Sans hésiter, Léa vint s’accroupir au-dessus de mes seins et très rapidement déféqua sur mes seins.

 » Ça te va ? me dit-elle « .

J’étais aux anges. Et Léa étalait le tout sur mon corps, et même me masturbait avec. J’invitais Lucie mais elle hésitait. Et c’est Benoit qui l’encouragea. Elle se mit aussi en position fesses vers mon visage et chia à son tour. Humm, j’avais réussi à la convaincre. Je lui pris la main et l’invita à me caresser partout, elle étala toute la matière et suçait Benoit toujours en érection.

C’est maintenant moi qui voulais me faire pénétrer. Je me mis à quatre pattes et demandais à chaque homme de venir m’enculer. Ce fut Benoit qui commençait et il apprécia l’anus assoupli par de nombreuses pratiques. J’appréciais les pénétrations profondes tandis que Léa et Lucie me caressait les seins et le dos avec le caca. Il ressortit, le sexe bien souillé de mes matières fécales et Thomas prit immédiatement sa place. Son pénis était plus gros et la pénétration se fit plus sentir. Il me remplissait l’ampoule rectale avec délice. Mon dos et mes fesses étaient maintenant complétement recouverts. Thomas ressortit son pénis, également bien souillé.

Lucie avait fini aussi par venir se frotter les seins sur les miens en m’embrassant sur la bouche.

Nous étions maintenant toutes et tous plus ou moins souillés : les filles sur le corps et les garçons sur leur pénis.

Je souris à Léa et à Lucie :

-  » Et si nous allions nettoyer ces hommes ? « .

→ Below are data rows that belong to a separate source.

(* Let $\gamma$, $r$ be as in the context, fix $s_0$, and let $\epsilon>0$ be a sufficiently small number. Let $F:A_{s_0,\epsilon}\to\mathbb{R}$ be a $C^\infty$ function such that for every $s$ with $|s-s_0|<\epsilon$ the restriction of $F$ to the circle $C_s$ coincides with the restriction to $C_s$ of some polynomial $F_s$ in two variables of degree at most $N$. Then $F$ is (the restriction of) a polynomial in $x_1,x_2$ of degree at most $2N$.
   Context: $\gamma$ is a smooth simple closed curve in $\mathbb{R}^2$ parametrized by arc length $s$, $r>0$ is less than half of the maximal radius of a tubular neighbourhood of $\gamma$. For each $s$, $C_s=\{x:|x-\gamma(s)|=r\}$, and $A_{s_0,\epsilon}=\bigcup_{s:|s-s_0|\le\epsilon}C_s$. *)

theory Defs
  imports "HOL-Analysis.Analysis"
begin

fun Ck_on :: "nat \<Rightarrow> 'a::euclidean_space set \<Rightarrow> ('a \<Rightarrow> 'b::real_normed_vector) \<Rightarrow> bool" where
  "Ck_on 0 U f = continuous_on U f"
| "Ck_on (Suc k) U f = (f differentiable_on U \<and> continuous_on U f \<and>
      (\<forall>b\<in>Basis. Ck_on k U (\<lambda>x. frechet_derivative f (at x) b)))"

definition smooth_on :: "'a::euclidean_space set \<Rightarrow> ('a \<Rightarrow> 'b::real_normed_vector) \<Rightarrow> bool" where
  "smooth_on U f \<longleftrightarrow> open U \<and> (\<forall>k. Ck_on k U f)"

definition smooth_on_set :: "'a::euclidean_space set \<Rightarrow> ('a \<Rightarrow> 'b::real_normed_vector) \<Rightarrow> bool" where
  "smooth_on_set A f \<longleftrightarrow> (\<exists>U g. open U \<and> A \<subseteq> U \<and> smooth_on U g \<and> (\<forall>x\<in>A. g x = f x))"

definition arclength_simple_closed_curve :: "(real \<Rightarrow> real \<times> real) \<Rightarrow> real \<Rightarrow> bool" where
  "arclength_simple_closed_curve \<gamma> L \<longleftrightarrow> L > 0 \<and> smooth_on UNIV \<gamma> \<and>
     (\<forall>s. \<gamma> (s + L) = \<gamma> s) \<and> inj_on \<gamma> {0..<L} \<and>
     (\<forall>s. norm (vector_derivative \<gamma> (at s)) = 1)"

definition unit_tangent :: "(real \<Rightarrow> real \<times> real) \<Rightarrow> real \<Rightarrow> real \<times> real" where
  "unit_tangent \<gamma> s = vector_derivative \<gamma> (at s)"

definition unit_normal :: "(real \<Rightarrow> real \<times> real) \<Rightarrow> real \<Rightarrow> real \<times> real" where
  "unit_normal \<gamma> s = (- snd (unit_tangent \<gamma> s), fst (unit_tangent \<gamma> s))"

Je me caressai pour prendre un peu plus de matière et vient masturber les deux hommes avec, pour que leur sexe soit encore plus barbouillé. Et à la grande stupeur des deux filles, je les pris en bouche pour les sucer et tout lécher, en avalant ensuite.

-  » Venez goûter… « .

Je remis encore un peu de matière sur les sexes. Léa était la plus intrépide, je le sentais. Elle vint se placer à genoux, commença à donner des coups de langue pour sentir le goût, puis pris le sexe franchement en bouche. Elle semblait vraiment apprécier.

Lucie était plus dubitative. Elle hésitait franchement. Je sentais qu’elle avait besoin d’être un peu forcée pour y arriver.

 » Allons, petite cochonne, lui dis-je, viens nettoyer la bite de ton mec…  »

Benoit comprit l’approche, et pris Lucie par les cheveux et lui approcha la tête de son sexe. Installée derrière elle, je lui caressai les seins en l’encourageant. Elle finit par le prendre en bouche et à le nettoyer avec application.

J’étais contente de mes 2 élèves, et leurs hommes aussi, je crois car cela leur ouvrait de nouvelles perspectives.

Il était temps de finir. Je m’allongeais sur le dos et invitait les deux hommes à se masturber et à jouir chacun sur un sein. Pendant ce temps, Léa et Lucie me masturbaient et me faisait des cunni très agréables et ne semblaient pas se soucier du caca présent dans mon petit abricot lisse.

Ils déposèrent un torrent de sperme, ayant été au comble de l’excitation pendant près d’une heure.

Léa et Lucie vinrent chacune lécher le sperme de leur compagnon respectif, et, le gardant en bouche, vinrent le partager avec moi. Le goût du sperme et du caca sur leur langue me fit avoir un orgasme puissant.

La tension rebaissait….

Après quelques minutes, nous nous sommes nettoyés avec l’eau que nous avions emmenés à boire. Et nous sommes allés finir dans l’océan, entièrement nus.

Léa et Thomas sont repartis de leur côté et Lucie m’a raccompagnée. Elle m’a demandé de conduire, et j’ai compris pourquoi quand elle s’est mise à sucer Benoit sur la banquette arrière… Elle eut à nouveau droit à une gorgée de sperme… et elle m’en donna un peu à lécher sur son doigt !

Je rentrais chez moi ravie de cet après-midi. Deux couples qui venaient de découvrir l’uro et la scato dans une approche très naturelle et détendue. Je ne pus me retenir de pisser sous la douche, me donnant un dernier orgasme pour la journée à l’aide d’un gode anal que je garde toujours dans la cabine, au cas où.